Hanan menyadari candaan istrinya. "Ayah seratus rius malahan, Bu."

Tawa Arini pecah, apalagi saat melihat wajah suaminya yang sengaja terlihat meledek. "Apaan, sih, Yah. Garing tau."

"Udah yuk berangkat sekarang, nanti kesiangan." Arini mendorong tubuh Hanan yang masih gencar menatapnya dengan lamar sambil tersenyum penuh arti. "Ayok, Yah. Ngapain sih masih liatin gitu. Tuh, awas tangga, tuh!"

"Bilang aja gugup kan ditatap begitu sama Ayah, iya, 'kan?"

"Enggak, Yah. Nih Ibu biasa aja. Ya udah yuk berangkat. Ini udah jam tujuh lebih." Diam-diam Arini berusaha menyembunyikan rona merahnya. Suaminya akan semakin gencar menggoda jika ia terlihat semakin salah tingkah.

"Iya, iya ini berangkat." Hanan mengalah. Berakhir dengan dirinya yang masuk ke dalam mobil di bagian kemudi, lalu disusul oleh Arini yang duduk di sebelahnya.

Benar saja, saat mobil yang dikemudikan oleh Hanan berhenti tepat di depan gerbang sekolah, suasanan masih belum begitu ramai. Hanya ada beberapa guru dan siswa yang sudah datang ke tempat menuntut ilmu tersebut. Akan tetapi, tidak mengapa. Arini memang sengaja datang lebih awal agar bisa berangkat bersama Hanan.

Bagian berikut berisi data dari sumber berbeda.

lemma admits_symmetry_ansatz:
  fixes K K2 :: "real \<Rightarrow> real" and \<beta> \<nu> :: real
  assumes KD: "\<And>x. (K has_real_derivative deriv K x) (at x)"
    and K1D: "\<And>x. (deriv K has_real_derivative K2 x) (at x)"
    and Kpos: "\<And>x. K x > 0"
    and Kg_D: "\<And>x. K x * g1 x + deriv K x * g x = K x"
    and Kg_DD: "\<And>x. K x * g2 x + 2 * deriv K x * g1 x + K2 x * g x = deriv K x"
    and coeffs: "b2 = p1" "b1 = 2 * p0" "c1 = - (1 + \<nu>) * p1 / 2" "c2 = - \<beta> * p1 / 4"
  shows "admits_symmetry (\<lambda>z t u. (p1 * t + p0) * z) (\<lambda>z t u. b2 * t^2 + b1 * t + b0)
     (\<lambda>z t u. (c0 + c1 * t + c2 * z^2) * g u) (diff_eq \<nu> (\<lambda>u. \<beta> * K u) K) (\<lambda>z t. z > 0)"
  unfolding admits_symmetry_def
proof (intro allI impI)
  fix z t :: real and j :: jet
  let ?\<xi> = "\<lambda>z t u. (p1 * t + p0) * z" and ?\<tau> = "\<lambda>z t u. b2 * t^2 + b1 * t + b0"
    and ?\<eta> = "\<lambda>z t u. (c0 + c1 * t + c2 * z^2) * g u"
    and ?F = "diff_eq \<nu> (\<lambda>u. \<beta> * K u) K"
  assume "z > 0" and F0: "?F z t j = 0"
  then have "z \<noteq> 0" by simp
  note F_partials = partials_diff_eq[OF KD K1D this]
  have prol2_expand: "prol2 ?\<xi> ?\<tau> ?\<eta> ?F z t j
    = (p1 * t + p0) * z * pd_z ?F z t j + (b2 * t^2 + b1 * t + b0) * pd_t ?F z t j
      + (ansatz_char z t j + (p1 * t + p0) * z * j (1,0) + (b2 * t^2 + b1 * t + b0) * j (0,1))
        * pd_j (0,0) ?F z t j
      + (tot_z ansatz_char z t j + (p1 * t + p0) * z * j (2,0)
         + (b2 * t^2 + b1 * t + b0) * j (1,1)) * pd_j (1,0) ?F z t j
      + (tot_t ansatz_char z t j + (p1 * t + p0) * z * j (1,1)
         + (b2 * t^2 + b1 * t + b0) * j (0,2)) * pd_j (0,1) ?F z t j
      + (tot_z (tot_z ansatz_char) z t j + (p1 * t + p0) * z * j (3,0)
         + (b2 * t^2 + b1 * t + b0) * j (2,1)) * pd_j (2,0) ?F z t j"
    unfolding prol2_def sum_jet_idx_2 prol_coeff_def charac_ansatz
    using F_partials(7,8) \<open>z > 0\<close> by (simp add: numeral_2_eq_2 numeral_3_eq_3)
  define u where "u = j (0,0)"
  have "K u > 0" using Kpos by simp
  have u_zz:
    "j (2,0) = (\<beta> * K u * j (0,1) - deriv K u * (j (1,0))^2 - \<nu> / z * K u * j (1,0)) / K u"
    using F0 \<open>K u > 0\<close> unfolding diff_eq_def u_def[symmetric] by (simp add: field_simps)
  have g1_u: "g1 u = (K u - deriv K u * g u) / K u"
    using Kg_D[of u] \<open>K u > 0\<close> by (simp add: field_simps)
  have g2_u: "g2 u = (deriv K u - 2 * deriv K u * g1 u - K2 u * g u) / K u"
    using Kg_DD[of u] \<open>K u > 0\<close> by (simp add: field_simps)
  show "prol2 ?\<xi> ?\<tau> ?\<eta> ?F z t j = 0"
    unfolding prol2_expand F_partials tot_t_ansatz_char tot_zz_ansatz_char
    unfolding tot_z_ansatz_char
    unfolding u_def[symmetric] u_zz g2_u g1_u coeffs
    using \<open>K u > 0\<close> \<open>z > 0\<close>
    by (simp add: field_simps) (simp add: algebra_simps power2_eq_square)
qed

end

lemma admits_symmetry_family:
  fixes J K :: "real \<Rightarrow> real" and \<xi> \<tau> \<eta> :: "real \<Rightarrow> real \<Rightarrow> real \<Rightarrow> real"
    and a b c d \<beta> \<nu> :: real
  assumes JD: "\<And>x. (J has_real_derivative K x) (at x)"
    and KD: "\<And>x. (K has_real_derivative deriv K x) (at x)"
    and K1D: "\<And>x. (deriv K has_real_derivative deriv (deriv K) x) (at x)"
    and Kpos: "\<And>x. K x > 0"
    and \<xi>: "\<And>z t u. \<xi> z t u = (a * t + b) * z"
    and \<tau>: "\<And>z t u. \<tau> z t u = a * t^2 + 2 * b * t + c"
    and \<eta>: "\<And>z t u. \<eta> z t u = (d - (1 + \<nu>) / 2 * a * t - \<beta> / 4 * a * z^2) * (J u / K u)"
  shows "admits_symmetry \<xi> \<tau> \<eta> (diff_eq \<nu> (\<lambda>u. \<beta> * K u) K) (\<lambda>z t. z > 0)"
proof -
  have "K x \<noteq> 0" for x
    using Kpos[of x] by simp
  then obtain g1 g2 where g_derivs:
    "\<And>x. ((\<lambda>x. J x / K x) has_real_derivative g1 x) (at x)"
    "\<And>x. (g1 has_real_derivative g2 x) (at x)"
    "\<And>x. K x * g1 x + deriv K x * (J x / K x) = K x"
    "\<And>x. K x * g2 x + 2 * deriv K x * g1 x + deriv (deriv K) x * (J x / K x) = deriv K x"
    using antiderivative_div_has_derivatives[OF JD KD K1D] by blast
  have "admits_symmetry (\<lambda>z t u. (a * t + b) * z) (\<lambda>z t u. a * t^2 + (2 * b) * t + c)
     (\<lambda>z t u. (d + (- (1 + \<nu>) * a / 2) * t + (- \<beta> * a / 4) * z^2) * (J u / K u))
     (diff_eq \<nu> (\<lambda>u. \<beta> * K u) K) (\<lambda>z t. z > 0)"
    by (rule admits_symmetry_ansatz[where g = "\<lambda>x. J x / K x"])
      (use g_derivs KD K1D Kpos in auto)
  moreover have "\<xi> = (\<lambda>z t u. (a * t + b) * z)" "\<tau> = (\<lambda>z t u. a * t^2 + (2 * b) * t + c)"
    "\<eta> = (\<lambda>z t u. (d + (- (1 + \<nu>) * a / 2) * t + (- \<beta> * a / 4) * z^2) * (J u / K u))"
    by (simp_all add: fun_eq_iff \<xi> \<tau> \<eta> field_simps)
  ultimately show ?thesis
    by simp
qed

theorem mainTheorem4:
  fixes \<nu> \<beta> :: real and K C J :: "real \<Rightarrow> real"
  assumes "\<nu> > 0" and "\<nu> \<noteq> 2"
    and "smooth_fun K" and "\<forall>u. K u > 0"
    and "\<forall>u. C u = \<beta> * K u"
    and "\<forall>u. (J has_real_derivative K u) (at u)"
  shows "admits_symmetry (\<lambda>z t u. t * z) (\<lambda>z t u. t^2)
           (\<lambda>z t u. - (\<beta> / 4 * z^2 + (1 + \<nu>) / 2 * t) * (J u / K u))
           (diff_eq \<nu> C K) (\<lambda>z t. z > 0)
    \<and> admits_symmetry (\<lambda>z t u. z / 2) (\<lambda>z t u. t) (\<lambda>z t u. 0)
           (diff_eq \<nu> C K) (\<lambda>z t. z > 0)
    \<and> admits_symmetry (\<lambda>z t u. 0) (\<lambda>z t u. 1) (\<lambda>z t u. 0)
           (diff_eq \<nu> C K) (\<lambda>z t. z > 0)
    \<and> admits_symmetry (\<lambda>z t u. 0) (\<lambda>z t u. 0) (\<lambda>z t u. - (J u / K u))
           (diff_eq \<nu> C K) (\<lambda>z t. z > 0)"
proof -
  have JD: "\<And>x. (J has_real_derivative K x) (at x)" and Kpos: "\<And>x. K x > 0"
    using assms(4,6) by simp_all
  have KD: "\<And>x. (K has_real_derivative deriv K x) (at x)"
    and K1D: "\<And>x. (deriv K has_real_derivative deriv (deriv K) x) (at x)"
    using smooth_fun_has_real_derivative[OF \<open>smooth_fun K\<close>, of 0]
      smooth_fun_has_real_derivative[OF \<open>smooth_fun K\<close>, of 1] by simp_all
  note family = admits_symmetry_family[OF JD KD K1D Kpos]
  have C_eq: "C = (\<lambda>u. \<beta> * K u)"
    using assms(5) by auto
  show ?thesis
    unfolding C_eq
    by (intro conjI family[where a = 1 and b = 0 and c = 0 and d = 0]
          family[where a = 0 and b = "1/2" and c = 0 and d = 0]
          family[where a = 0 and b = 0 and c = 1 and d = 0]
          family[where a = 0 and b = 0 and c = 0 and d = "-1"])
      (simp_all add: algebra_simps)
qed

end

"Nanti pulangnya Ibu pesen ojek online aja. Acaranya juga kayaknya gak sampe siang," ucap Arini sesaat sebelum turun.

"Ya udah kalo gitu Ayah berangkat dulu, ya. Nanti pulangnya hati-hati."

Arini mengangguk sebagai jawaban. Diraihnya tangan Hanan dan dicium dengan hangat, lalu diseutas senyum hangat dilemparkan pada Hanan. "Ayah juga hati-hati di jalan."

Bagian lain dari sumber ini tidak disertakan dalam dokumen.